Every year I choose one word to keep close to my heart throughout the year.  This year my word is ‘COMPLETE,’ and I literally keep it close to my heart by wearing it on a special necklace.  I have a tradition of getting a one word necklace each year with my ‘word’ on it from our dear  Krafty Kash, and it is always so special to me.

Let me tell you why I chose the word ‘COMPLETE.’

Almost 1 year ago I was at a conference called Refresh My Heart that was put on here in Nebraska by my friend Lelia Chealey.  I was  looking forward to the retreat for so many reasons.  My sweet pink sister Karen, whom I met through this blog, was coming all the way from California to be with me and attend the retreat. She was there to support, for I was speaking on “How To Fully Live While Facing Death.”  I am a two-time cancer survivor, one whose chances of living a long life has been cut short by cancer.

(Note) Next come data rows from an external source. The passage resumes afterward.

lemma inner_L2_young:
  assumes f: "L2 f" and g: "L2 g" and c: "0 < c"
  shows "2 * \<bar>inner_L2 f g\<bar> \<le> c * inner_L2 f f + inner_L2 g g / c"
proof -
  let ?bound = "\<lambda>t. c * (f t * f t) + (g t * g t) / c"
  have fg: "set_integrable lborel {-1..1} (\<lambda>t. f t * g t)"
    by (rule set_integrable_L2_mult[OF f g])
  have bound: "set_integrable lborel {-1..1} ?bound"
    using set_integrable_L2_mult[OF f f] set_integrable_L2_mult[OF g g]
    by (intro set_integral_add set_integrable_mult_right set_integrable_divide)
  have pointwise_abs: "2 * \<bar>f t * g t\<bar> \<le> ?bound t" for t
  proof -
    have "0 \<le> (c * \<bar>f t\<bar> - \<bar>g t\<bar>)\<^sup>2 / c"
      using c by simp
    also have "\<dots> = ?bound t - 2 * \<bar>f t * g t\<bar>"
      using c by (simp add: field_simps power2_eq_square abs_mult)
    finally show ?thesis
      by simp
  qed
  have pointwise: "2 * (f t * g t) \<le> ?bound t" "-2 * (f t * g t) \<le> ?bound t" for t
    using pointwise_abs[of t] abs_ge_self[of "f t * g t"] abs_ge_minus_self[of "f t * g t"]
    by linarith+
  have integral_cmult: "(LINT t:{-1..1}|lborel. k * (f t * g t)) = k * inner_L2 f g" for k
    unfolding inner_L2_def by (rule set_integral_mult_right)
  have "(LINT t:{-1..1}|lborel. 2 * (f t * g t)) \<le> (LINT t:{-1..1}|lborel. ?bound t)"
    using pointwise(1) fg bound by (intro set_integral_mono set_integrable_mult_right)
  moreover have "(LINT t:{-1..1}|lborel. -2 * (f t * g t)) \<le> (LINT t:{-1..1}|lborel. ?bound t)"
    using pointwise(2) fg bound by (intro set_integral_mono set_integrable_mult_right)
  moreover have "(LINT t:{-1..1}|lborel. ?bound t) = c * inner_L2 f f + inner_L2 g g / c"
    unfolding inner_L2_def using set_integrable_L2_mult[OF f f] set_integrable_L2_mult[OF g g]
    by (subst set_integral_add(2)) (auto intro: set_integrable_mult_right set_integrable_divide)
  ultimately show ?thesis
    using integral_cmult[of 2] integral_cmult[of "-2"] by linarith
qed

lemma inner_L2_nonpos_limit:
  assumes r: "L2 r" and v: "L2 v" and p: "\<And>N. L2 (p N)"
    and nonpos: "\<And>N. inner_L2 r (p N) \<le> 0"
    and lim: "(\<lambda>N. l2norm (\<lambda>t. v t - p N t)) \<longlonglongrightarrow> 0"
  shows "inner_L2 r v \<le> 0"
proof (rule ccontr)
  \<comment> \<open>Young's inequality with the weight \<open>c\<close> stands in for Cauchy-Schwarz.\<close>
  assume "\<not> inner_L2 r v \<le> 0"
  then have pos: "0 < inner_L2 r v"
    by simp
  define c where "c = inner_L2 r v / (inner_L2 r r + 1)"
  have c: "0 < c" "c * inner_L2 r r < inner_L2 r v"
    using pos inner_L2_self_nonneg[of r] by (simp_all add: c_def field_simps)
  have "0 < sqrt (c * inner_L2 r v)"
    using c pos by simp
  then obtain N where N: "\<bar>l2norm (\<lambda>t. v t - p N t) - 0\<bar> < sqrt (c * inner_L2 r v)"
    using lim unfolding LIMSEQ_def dist_real_def by blast
  define w where "w = (\<lambda>t. v t - p N t)"
  have ww: "inner_L2 w w < c * inner_L2 r v"
    using N inner_L2_self_nonneg[of w] by (simp add: w_def l2norm_eq_sqrt_inner_L2)
  have w: "L2 w"
    unfolding w_def by (rule L2_diff[OF v p])
  have "inner_L2 w w / c < inner_L2 r v"
    using ww c(1) by (simp add: pos_divide_less_eq mult.commute)
  then have "2 * \<bar>inner_L2 r w\<bar> < 2 * inner_L2 r v"
    using inner_L2_young[OF r w c(1)] c(2) by linarith
  then have "inner_L2 r v - inner_L2 r (p N) < inner_L2 r v"
    using inner_L2_diff_right[OF r v p[of N]] unfolding w_def by linarith
  with nonpos[of N] show False
    by simp
qed

lemma inner_L2_self_eq_0_AE:
  assumes "L2 f" "inner_L2 f f = 0"
  shows "AE t in lborel. t \<in> {-1..1} \<longrightarrow> f t = 0"
proof -
  define d where "d t = indicator {-1..1} t *\<^sub>R (f t * f t)" for t :: real
  have "integrable lborel d"
    using set_integrable_L2_mult[OF assms(1) assms(1)] unfolding d_def set_integrable_def .
  moreover have "integral\<^sup>L lborel d = 0"
    using assms(2) unfolding d_def inner_L2_def set_lebesgue_integral_def .
  ultimately have "AE t in lborel. d t = 0"
    by (subst (asm) integral_nonneg_eq_0_iff_AE) (auto simp: d_def split: split_indicator)
  then show ?thesis
    by eventually_elim (auto simp: d_def split: split_indicator)
qed

section \<open>Projection onto the cone \<open>A_plus\<close>\<close>

lemma inner_L2_A_plus_nonpos:
  assumes r: "L2 r" and monomials: "\<And>n. inner_L2 r (\<lambda>t. t ^ n) \<le> 0" and v: "v \<in> A_plus"
  shows "inner_L2 r v \<le> 0"
proof -
  obtain c where v': "L2 v" and c: "\<And>n. 0 \<le> c n"
    and lim: "(\<lambda>N. l2norm (\<lambda>t. v t - (\<Sum>n<N. c n * t ^ n))) \<longlonglongrightarrow> 0"
    using v unfolding A_plus_def by blast
  show ?thesis
  proof (rule inner_L2_nonpos_limit[OF r v' L2_sum_monomials _ lim])
    show "inner_L2 r (\<lambda>t. \<Sum>n<N. c n * t ^ n) \<le> 0" for N
      unfolding inner_L2_sum_monomials_right[OF r]
      using c monomials by (intro sum_nonpos mult_nonneg_nonpos)
  qed
qed

lemma A_plus_pythagoras:
  assumes w: "L2 w" and u: "u \<in> A_plus" and v: "v \<in> A_plus"
    and orth: "inner_L2 (\<lambda>t. w t - u t) u = 0"
    and monomials: "\<And>n. inner_L2 (\<lambda>t. w t - u t) (\<lambda>t. t ^ n) \<le> 0"
  shows "inner_L2 (\<lambda>t. w t - u t) (\<lambda>t. w t - u t) + inner_L2 (\<lambda>t. u t - v t) (\<lambda>t. u t - v t)
    \<le> inner_L2 (\<lambda>t. w t - v t) (\<lambda>t. w t - v t)"
proof -
  have u': "L2 u" and v': "L2 v"
    using u v by (simp_all add: A_plus_def)
  let ?r = "\<lambda>t. w t - u t"
  have r: "L2 ?r"
    by (rule L2_diff[OF w u'])
  have "inner_L2 (\<lambda>t. w t - v t) (\<lambda>t. w t - v t)
      = inner_L2 ?r ?r + 2 * inner_L2 ?r (\<lambda>t. u t - v t) + inner_L2 (\<lambda>t. u t - v t) (\<lambda>t. u t - v t)"
    using inner_L2_self_add[OF r L2_diff[OF u' v']] by simp
  then show ?thesis
    unfolding inner_L2_diff_right[OF r u' v']
    using orth inner_L2_A_plus_nonpos[OF r monomials v] by simp
qed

When we arrived to the conference, at the sign in table there were tiny little boxes that had each of our names on them. We were to carry them with us and NOT to open them until we were told. The anticipation was super fun and I wondered what was in the box…

…I’m writing about my one word choice from last year over at Krafty Kash today. Join me for the rest of the story of how I am living ‘complete’ & to see how the necklace looks on me over there?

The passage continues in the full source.